[Stored data]
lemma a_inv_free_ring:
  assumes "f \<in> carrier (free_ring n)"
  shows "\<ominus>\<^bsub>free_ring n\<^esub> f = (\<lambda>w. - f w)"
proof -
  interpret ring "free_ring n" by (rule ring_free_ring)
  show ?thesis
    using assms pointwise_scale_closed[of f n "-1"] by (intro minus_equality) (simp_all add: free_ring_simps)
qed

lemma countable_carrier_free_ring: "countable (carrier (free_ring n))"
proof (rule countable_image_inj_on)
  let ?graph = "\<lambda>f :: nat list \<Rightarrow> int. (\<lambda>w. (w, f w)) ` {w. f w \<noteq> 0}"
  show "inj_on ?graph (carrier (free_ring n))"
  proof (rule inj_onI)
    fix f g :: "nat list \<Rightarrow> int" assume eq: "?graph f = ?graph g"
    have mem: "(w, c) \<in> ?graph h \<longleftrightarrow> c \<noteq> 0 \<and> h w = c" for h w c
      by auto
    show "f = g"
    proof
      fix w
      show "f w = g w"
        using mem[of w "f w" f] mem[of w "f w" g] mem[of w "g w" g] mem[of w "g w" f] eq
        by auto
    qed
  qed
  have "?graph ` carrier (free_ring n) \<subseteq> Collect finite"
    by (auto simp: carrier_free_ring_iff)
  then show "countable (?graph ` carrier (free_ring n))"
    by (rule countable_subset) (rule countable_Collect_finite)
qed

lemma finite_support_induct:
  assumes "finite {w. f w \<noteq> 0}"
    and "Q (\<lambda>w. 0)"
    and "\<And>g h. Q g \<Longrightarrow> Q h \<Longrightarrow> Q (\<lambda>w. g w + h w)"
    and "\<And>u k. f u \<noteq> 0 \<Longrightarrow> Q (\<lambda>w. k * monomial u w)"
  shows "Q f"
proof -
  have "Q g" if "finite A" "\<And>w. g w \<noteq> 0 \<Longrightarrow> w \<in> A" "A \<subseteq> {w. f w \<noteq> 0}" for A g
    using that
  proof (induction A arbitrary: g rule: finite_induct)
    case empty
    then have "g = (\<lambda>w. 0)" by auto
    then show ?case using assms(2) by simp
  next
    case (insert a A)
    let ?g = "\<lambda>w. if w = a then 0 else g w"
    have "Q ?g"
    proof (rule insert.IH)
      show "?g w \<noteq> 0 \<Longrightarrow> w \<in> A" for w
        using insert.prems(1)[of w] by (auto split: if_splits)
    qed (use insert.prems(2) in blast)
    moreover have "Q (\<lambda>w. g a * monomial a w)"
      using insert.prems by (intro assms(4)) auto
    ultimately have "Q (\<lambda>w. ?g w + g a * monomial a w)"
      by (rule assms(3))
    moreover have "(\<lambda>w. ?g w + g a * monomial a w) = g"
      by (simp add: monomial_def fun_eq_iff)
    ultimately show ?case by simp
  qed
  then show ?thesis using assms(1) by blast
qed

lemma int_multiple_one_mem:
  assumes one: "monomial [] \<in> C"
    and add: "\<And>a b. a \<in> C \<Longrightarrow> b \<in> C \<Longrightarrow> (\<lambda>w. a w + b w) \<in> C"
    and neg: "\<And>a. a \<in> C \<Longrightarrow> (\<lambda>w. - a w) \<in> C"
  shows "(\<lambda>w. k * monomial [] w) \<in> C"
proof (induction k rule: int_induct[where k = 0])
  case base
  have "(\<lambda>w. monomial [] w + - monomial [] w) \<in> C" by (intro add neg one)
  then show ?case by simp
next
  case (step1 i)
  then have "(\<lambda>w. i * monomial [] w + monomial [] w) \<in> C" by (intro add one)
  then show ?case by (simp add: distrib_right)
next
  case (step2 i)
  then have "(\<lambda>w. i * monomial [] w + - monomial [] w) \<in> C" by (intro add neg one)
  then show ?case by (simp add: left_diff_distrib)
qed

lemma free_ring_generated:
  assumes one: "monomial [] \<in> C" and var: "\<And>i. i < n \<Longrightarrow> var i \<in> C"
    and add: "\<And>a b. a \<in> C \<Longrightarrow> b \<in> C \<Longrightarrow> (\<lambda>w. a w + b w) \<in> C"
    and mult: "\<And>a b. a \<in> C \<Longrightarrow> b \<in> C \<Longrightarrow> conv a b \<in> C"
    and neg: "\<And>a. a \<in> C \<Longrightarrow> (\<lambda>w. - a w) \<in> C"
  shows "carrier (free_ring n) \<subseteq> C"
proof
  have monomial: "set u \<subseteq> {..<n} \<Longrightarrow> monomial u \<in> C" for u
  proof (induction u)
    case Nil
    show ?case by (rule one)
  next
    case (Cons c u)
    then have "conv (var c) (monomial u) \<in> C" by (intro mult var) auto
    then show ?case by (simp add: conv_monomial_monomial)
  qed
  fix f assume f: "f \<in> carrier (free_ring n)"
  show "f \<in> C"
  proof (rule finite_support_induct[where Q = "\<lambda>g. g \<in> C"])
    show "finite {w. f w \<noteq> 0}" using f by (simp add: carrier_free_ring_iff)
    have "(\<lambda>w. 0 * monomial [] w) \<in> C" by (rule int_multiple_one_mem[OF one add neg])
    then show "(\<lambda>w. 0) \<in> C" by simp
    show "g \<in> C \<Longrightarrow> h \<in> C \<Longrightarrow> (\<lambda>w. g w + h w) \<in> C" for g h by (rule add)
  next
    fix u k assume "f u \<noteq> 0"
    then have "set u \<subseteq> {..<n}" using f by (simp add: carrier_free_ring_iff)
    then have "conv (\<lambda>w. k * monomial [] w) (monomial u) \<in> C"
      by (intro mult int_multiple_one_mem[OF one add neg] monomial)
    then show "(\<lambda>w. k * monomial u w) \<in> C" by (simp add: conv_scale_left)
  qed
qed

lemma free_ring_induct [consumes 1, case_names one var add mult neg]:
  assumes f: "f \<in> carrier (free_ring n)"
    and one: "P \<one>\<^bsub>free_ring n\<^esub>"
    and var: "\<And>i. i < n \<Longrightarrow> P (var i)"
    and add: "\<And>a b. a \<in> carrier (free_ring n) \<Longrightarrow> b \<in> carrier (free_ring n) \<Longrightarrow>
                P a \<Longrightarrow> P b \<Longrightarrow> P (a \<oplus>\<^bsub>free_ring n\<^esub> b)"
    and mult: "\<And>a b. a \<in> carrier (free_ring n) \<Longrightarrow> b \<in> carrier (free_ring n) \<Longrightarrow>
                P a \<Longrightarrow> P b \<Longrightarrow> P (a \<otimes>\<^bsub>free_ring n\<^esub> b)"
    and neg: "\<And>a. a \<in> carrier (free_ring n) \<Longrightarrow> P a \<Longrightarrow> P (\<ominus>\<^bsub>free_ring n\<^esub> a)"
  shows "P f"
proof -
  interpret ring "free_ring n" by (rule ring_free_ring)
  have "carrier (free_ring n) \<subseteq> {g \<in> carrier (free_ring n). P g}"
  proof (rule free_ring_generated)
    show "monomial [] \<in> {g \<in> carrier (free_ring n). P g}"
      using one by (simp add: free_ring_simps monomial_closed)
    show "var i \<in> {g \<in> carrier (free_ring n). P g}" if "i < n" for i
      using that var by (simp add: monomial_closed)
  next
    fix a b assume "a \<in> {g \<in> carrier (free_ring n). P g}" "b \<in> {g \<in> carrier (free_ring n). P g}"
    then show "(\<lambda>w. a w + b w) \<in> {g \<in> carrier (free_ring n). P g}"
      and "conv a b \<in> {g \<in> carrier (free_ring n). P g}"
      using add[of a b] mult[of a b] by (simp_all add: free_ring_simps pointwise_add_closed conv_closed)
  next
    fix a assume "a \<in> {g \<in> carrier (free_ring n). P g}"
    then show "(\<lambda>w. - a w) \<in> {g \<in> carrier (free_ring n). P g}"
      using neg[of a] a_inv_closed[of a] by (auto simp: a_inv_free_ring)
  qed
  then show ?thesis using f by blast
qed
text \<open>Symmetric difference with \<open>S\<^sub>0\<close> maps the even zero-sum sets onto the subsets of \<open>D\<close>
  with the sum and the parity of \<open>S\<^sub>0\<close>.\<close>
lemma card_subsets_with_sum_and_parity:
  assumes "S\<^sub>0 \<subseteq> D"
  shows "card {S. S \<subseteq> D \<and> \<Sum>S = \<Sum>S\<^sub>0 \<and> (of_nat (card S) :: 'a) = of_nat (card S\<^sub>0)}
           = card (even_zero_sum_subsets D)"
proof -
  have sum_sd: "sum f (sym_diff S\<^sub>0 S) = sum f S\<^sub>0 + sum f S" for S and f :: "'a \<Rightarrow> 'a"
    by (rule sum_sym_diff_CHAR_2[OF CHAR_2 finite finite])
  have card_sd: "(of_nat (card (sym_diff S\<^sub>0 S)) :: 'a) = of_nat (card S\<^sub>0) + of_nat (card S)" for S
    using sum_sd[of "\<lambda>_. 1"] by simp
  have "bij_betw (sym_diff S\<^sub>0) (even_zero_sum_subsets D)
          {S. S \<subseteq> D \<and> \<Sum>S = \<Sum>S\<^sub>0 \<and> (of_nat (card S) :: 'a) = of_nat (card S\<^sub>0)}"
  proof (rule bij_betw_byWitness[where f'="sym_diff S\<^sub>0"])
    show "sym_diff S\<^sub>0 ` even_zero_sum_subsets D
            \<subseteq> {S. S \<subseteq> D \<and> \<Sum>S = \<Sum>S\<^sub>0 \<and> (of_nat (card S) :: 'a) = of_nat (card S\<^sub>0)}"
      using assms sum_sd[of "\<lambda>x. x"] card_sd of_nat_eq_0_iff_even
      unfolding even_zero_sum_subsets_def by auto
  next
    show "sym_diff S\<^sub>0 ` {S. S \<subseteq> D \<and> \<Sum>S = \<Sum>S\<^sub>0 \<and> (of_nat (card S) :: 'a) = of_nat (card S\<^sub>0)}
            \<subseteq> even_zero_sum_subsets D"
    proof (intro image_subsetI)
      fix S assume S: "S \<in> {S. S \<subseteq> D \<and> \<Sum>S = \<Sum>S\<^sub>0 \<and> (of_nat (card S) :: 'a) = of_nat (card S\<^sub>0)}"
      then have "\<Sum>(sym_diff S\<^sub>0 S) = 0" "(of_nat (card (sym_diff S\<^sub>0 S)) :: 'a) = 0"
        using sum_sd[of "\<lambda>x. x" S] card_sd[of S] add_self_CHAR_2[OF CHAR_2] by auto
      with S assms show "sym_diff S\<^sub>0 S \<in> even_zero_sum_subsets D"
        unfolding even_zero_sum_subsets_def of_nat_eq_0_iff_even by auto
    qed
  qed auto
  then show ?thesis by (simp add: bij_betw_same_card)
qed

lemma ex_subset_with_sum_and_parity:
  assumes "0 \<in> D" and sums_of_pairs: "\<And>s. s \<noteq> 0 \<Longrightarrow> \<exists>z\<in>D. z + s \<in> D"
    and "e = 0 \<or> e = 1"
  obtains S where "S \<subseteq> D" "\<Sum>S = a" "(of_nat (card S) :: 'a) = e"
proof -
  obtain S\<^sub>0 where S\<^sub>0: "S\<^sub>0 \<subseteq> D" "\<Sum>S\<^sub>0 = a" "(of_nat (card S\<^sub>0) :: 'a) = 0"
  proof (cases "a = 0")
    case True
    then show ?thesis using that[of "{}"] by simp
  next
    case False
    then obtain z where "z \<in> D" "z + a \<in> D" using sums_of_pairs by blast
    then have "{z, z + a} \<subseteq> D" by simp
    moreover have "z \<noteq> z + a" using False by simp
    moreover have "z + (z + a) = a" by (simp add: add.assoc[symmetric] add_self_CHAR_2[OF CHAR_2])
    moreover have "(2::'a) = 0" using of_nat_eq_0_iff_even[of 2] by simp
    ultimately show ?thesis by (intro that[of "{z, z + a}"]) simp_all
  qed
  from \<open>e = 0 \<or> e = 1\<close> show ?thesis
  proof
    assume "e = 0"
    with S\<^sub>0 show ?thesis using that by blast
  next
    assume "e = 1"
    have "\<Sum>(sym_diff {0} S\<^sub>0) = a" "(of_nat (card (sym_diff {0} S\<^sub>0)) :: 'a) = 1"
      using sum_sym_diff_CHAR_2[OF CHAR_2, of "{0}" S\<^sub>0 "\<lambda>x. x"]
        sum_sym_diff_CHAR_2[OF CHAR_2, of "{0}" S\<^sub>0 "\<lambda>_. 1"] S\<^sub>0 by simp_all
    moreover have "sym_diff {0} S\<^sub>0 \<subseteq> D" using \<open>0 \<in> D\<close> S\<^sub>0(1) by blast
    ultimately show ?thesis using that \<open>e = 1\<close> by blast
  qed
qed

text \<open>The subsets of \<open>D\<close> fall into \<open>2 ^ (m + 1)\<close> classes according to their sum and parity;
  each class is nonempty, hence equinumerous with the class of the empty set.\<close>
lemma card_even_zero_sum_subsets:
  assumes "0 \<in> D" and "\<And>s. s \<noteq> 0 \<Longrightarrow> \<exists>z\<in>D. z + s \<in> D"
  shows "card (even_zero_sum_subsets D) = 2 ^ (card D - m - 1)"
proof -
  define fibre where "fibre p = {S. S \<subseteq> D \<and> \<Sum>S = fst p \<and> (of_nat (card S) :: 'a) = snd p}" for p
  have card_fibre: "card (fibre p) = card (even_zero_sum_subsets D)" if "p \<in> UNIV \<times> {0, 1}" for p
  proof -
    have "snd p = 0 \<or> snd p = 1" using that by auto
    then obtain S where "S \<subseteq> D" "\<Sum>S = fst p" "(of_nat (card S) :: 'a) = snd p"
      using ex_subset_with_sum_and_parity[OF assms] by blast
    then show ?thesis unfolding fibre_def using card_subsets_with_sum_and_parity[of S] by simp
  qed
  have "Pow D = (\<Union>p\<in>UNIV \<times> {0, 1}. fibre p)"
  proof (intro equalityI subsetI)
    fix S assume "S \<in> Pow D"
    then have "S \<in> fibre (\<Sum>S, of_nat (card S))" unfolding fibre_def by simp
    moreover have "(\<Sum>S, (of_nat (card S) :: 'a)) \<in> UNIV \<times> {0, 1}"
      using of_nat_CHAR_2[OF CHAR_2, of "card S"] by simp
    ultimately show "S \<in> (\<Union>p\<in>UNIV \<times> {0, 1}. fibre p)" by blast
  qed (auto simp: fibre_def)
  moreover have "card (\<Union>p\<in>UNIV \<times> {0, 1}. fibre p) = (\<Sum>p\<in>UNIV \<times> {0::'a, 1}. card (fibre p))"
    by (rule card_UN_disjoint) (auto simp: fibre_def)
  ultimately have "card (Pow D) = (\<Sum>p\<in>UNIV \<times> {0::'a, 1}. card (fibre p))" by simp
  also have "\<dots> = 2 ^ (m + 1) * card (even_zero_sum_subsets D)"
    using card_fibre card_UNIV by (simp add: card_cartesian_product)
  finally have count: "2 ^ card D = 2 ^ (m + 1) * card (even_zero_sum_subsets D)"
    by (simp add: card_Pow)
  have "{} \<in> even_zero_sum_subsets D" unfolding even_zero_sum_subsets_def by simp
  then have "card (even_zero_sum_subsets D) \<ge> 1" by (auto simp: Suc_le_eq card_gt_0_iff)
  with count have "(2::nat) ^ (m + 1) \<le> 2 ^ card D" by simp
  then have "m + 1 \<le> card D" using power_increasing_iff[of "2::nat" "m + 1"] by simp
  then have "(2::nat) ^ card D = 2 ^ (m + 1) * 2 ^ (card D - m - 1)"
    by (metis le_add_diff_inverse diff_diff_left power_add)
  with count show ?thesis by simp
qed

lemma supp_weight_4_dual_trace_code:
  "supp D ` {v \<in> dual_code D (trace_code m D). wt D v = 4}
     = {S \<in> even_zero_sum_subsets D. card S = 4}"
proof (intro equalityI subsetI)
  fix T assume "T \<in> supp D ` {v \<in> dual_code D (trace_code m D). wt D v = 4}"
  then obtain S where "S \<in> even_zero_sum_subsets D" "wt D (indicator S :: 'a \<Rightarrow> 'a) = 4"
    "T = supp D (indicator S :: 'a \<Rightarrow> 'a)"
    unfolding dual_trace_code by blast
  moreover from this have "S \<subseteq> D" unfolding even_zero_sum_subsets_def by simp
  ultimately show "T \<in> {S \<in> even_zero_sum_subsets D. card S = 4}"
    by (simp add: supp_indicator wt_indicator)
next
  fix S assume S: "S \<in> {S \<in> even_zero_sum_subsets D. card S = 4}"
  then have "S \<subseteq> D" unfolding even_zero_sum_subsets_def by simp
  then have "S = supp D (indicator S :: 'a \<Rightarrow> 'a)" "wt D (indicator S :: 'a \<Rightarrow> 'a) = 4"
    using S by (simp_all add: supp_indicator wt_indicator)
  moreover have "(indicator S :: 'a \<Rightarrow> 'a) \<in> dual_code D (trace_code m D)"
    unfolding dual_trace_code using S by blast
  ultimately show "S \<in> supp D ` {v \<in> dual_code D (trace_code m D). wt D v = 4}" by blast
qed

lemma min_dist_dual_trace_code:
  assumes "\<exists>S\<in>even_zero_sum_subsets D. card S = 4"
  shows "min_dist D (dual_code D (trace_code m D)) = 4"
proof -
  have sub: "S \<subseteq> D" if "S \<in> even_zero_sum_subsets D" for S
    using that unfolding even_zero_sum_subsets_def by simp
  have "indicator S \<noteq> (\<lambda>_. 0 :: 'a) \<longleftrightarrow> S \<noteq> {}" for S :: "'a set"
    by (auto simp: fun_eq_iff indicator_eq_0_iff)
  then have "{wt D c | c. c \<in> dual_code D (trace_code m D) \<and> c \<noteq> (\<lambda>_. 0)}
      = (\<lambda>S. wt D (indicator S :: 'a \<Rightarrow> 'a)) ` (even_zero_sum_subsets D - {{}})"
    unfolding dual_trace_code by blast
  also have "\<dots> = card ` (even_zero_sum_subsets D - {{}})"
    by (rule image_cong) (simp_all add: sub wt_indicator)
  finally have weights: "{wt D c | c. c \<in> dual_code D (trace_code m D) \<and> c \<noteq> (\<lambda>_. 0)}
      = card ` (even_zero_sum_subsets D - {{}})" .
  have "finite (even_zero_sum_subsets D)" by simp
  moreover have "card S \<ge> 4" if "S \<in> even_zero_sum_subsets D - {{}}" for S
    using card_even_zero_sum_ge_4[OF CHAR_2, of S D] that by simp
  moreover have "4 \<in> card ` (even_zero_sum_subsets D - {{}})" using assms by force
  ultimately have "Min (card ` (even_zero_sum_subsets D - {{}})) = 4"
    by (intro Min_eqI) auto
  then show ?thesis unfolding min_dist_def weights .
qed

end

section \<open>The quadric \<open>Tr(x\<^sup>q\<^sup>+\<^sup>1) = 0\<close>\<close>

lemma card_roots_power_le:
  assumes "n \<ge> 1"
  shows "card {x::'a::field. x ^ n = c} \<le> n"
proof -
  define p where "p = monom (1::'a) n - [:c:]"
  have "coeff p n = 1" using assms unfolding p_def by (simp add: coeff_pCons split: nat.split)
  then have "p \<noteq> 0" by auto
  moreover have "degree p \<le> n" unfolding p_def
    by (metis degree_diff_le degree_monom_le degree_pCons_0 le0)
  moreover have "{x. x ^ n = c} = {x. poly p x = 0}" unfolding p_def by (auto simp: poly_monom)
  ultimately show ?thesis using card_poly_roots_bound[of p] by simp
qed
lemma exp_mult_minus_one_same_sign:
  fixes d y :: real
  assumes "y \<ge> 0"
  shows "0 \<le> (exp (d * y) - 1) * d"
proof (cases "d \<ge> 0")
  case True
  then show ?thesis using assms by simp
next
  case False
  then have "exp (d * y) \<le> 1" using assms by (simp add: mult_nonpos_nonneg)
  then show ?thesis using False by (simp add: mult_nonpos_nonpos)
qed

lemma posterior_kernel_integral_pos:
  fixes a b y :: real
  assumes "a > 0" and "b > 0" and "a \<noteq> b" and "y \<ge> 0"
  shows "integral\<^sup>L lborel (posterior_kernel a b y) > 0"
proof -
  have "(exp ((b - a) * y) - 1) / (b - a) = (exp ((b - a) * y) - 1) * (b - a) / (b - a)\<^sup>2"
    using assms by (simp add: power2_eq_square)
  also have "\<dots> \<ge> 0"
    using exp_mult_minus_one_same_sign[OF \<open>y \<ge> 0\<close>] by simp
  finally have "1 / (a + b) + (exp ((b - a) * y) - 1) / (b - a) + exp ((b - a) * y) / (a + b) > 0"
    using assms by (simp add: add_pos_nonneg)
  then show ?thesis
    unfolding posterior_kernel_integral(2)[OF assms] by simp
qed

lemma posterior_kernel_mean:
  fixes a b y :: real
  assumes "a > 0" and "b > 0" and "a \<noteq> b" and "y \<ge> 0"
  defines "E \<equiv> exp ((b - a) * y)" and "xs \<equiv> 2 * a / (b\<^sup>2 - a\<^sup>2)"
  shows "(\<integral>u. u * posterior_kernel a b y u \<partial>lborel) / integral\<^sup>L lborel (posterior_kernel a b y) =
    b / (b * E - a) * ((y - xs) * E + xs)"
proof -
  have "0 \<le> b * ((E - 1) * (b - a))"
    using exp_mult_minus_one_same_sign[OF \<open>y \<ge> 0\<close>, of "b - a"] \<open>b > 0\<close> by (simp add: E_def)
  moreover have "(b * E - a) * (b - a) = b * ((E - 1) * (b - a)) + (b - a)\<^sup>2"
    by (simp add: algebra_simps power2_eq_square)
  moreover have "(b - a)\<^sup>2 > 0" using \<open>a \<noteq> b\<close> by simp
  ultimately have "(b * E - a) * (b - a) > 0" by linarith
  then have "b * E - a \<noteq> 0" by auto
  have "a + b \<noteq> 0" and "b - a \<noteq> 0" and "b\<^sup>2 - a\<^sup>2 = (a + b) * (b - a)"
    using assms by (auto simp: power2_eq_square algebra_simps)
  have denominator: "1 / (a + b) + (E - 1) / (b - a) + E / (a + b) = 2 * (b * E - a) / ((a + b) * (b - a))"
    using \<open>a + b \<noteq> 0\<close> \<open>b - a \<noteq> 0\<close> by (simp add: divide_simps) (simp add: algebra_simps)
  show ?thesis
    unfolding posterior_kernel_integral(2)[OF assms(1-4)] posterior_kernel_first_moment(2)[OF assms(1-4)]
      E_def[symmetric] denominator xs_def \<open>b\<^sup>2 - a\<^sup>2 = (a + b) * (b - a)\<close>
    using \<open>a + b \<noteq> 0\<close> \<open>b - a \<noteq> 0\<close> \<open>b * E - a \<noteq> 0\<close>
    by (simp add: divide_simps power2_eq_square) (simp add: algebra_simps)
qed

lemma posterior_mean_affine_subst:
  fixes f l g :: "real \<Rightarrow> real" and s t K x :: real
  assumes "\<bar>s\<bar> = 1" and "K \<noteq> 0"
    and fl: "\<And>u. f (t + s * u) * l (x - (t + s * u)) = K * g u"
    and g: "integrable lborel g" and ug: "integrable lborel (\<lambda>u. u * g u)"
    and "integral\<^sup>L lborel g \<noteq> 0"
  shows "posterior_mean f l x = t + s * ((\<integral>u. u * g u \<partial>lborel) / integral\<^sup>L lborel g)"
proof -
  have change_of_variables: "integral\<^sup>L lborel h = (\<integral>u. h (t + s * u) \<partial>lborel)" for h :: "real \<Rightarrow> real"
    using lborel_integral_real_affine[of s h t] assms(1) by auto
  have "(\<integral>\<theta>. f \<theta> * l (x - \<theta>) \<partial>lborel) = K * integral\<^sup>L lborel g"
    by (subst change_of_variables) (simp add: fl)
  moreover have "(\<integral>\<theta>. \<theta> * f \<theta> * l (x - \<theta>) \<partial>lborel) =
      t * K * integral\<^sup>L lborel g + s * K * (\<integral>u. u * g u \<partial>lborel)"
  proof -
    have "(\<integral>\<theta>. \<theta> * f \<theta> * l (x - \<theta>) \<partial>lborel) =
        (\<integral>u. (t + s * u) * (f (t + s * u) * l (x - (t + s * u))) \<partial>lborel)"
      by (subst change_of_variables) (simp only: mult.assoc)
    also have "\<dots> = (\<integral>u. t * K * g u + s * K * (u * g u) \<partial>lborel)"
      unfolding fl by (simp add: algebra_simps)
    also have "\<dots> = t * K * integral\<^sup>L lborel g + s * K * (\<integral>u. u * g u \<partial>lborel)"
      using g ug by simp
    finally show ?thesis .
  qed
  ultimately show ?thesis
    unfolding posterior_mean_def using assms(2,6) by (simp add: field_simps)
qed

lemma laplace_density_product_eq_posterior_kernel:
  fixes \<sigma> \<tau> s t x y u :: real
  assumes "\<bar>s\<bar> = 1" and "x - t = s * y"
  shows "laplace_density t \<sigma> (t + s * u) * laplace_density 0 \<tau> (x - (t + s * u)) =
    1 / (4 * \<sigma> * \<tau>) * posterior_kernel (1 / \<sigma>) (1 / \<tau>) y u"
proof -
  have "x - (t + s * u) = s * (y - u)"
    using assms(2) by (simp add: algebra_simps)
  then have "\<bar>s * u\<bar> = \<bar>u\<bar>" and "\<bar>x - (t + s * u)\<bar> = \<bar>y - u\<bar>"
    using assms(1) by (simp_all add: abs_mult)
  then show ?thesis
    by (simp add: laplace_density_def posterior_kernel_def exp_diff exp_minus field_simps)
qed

Exercise description » Copy out each line of the records that holds the string "longleftrightarrow".

Task solution »
    have mem: "(w, c) \<in> ?graph h \<longleftrightarrow> c \<noteq> 0 \<and> h w = c" for h w c
  have "indicator S \<noteq> (\<lambda>_. 0 :: 'a) \<longleftrightarrow> S \<noteq> {}" for S :: "'a set"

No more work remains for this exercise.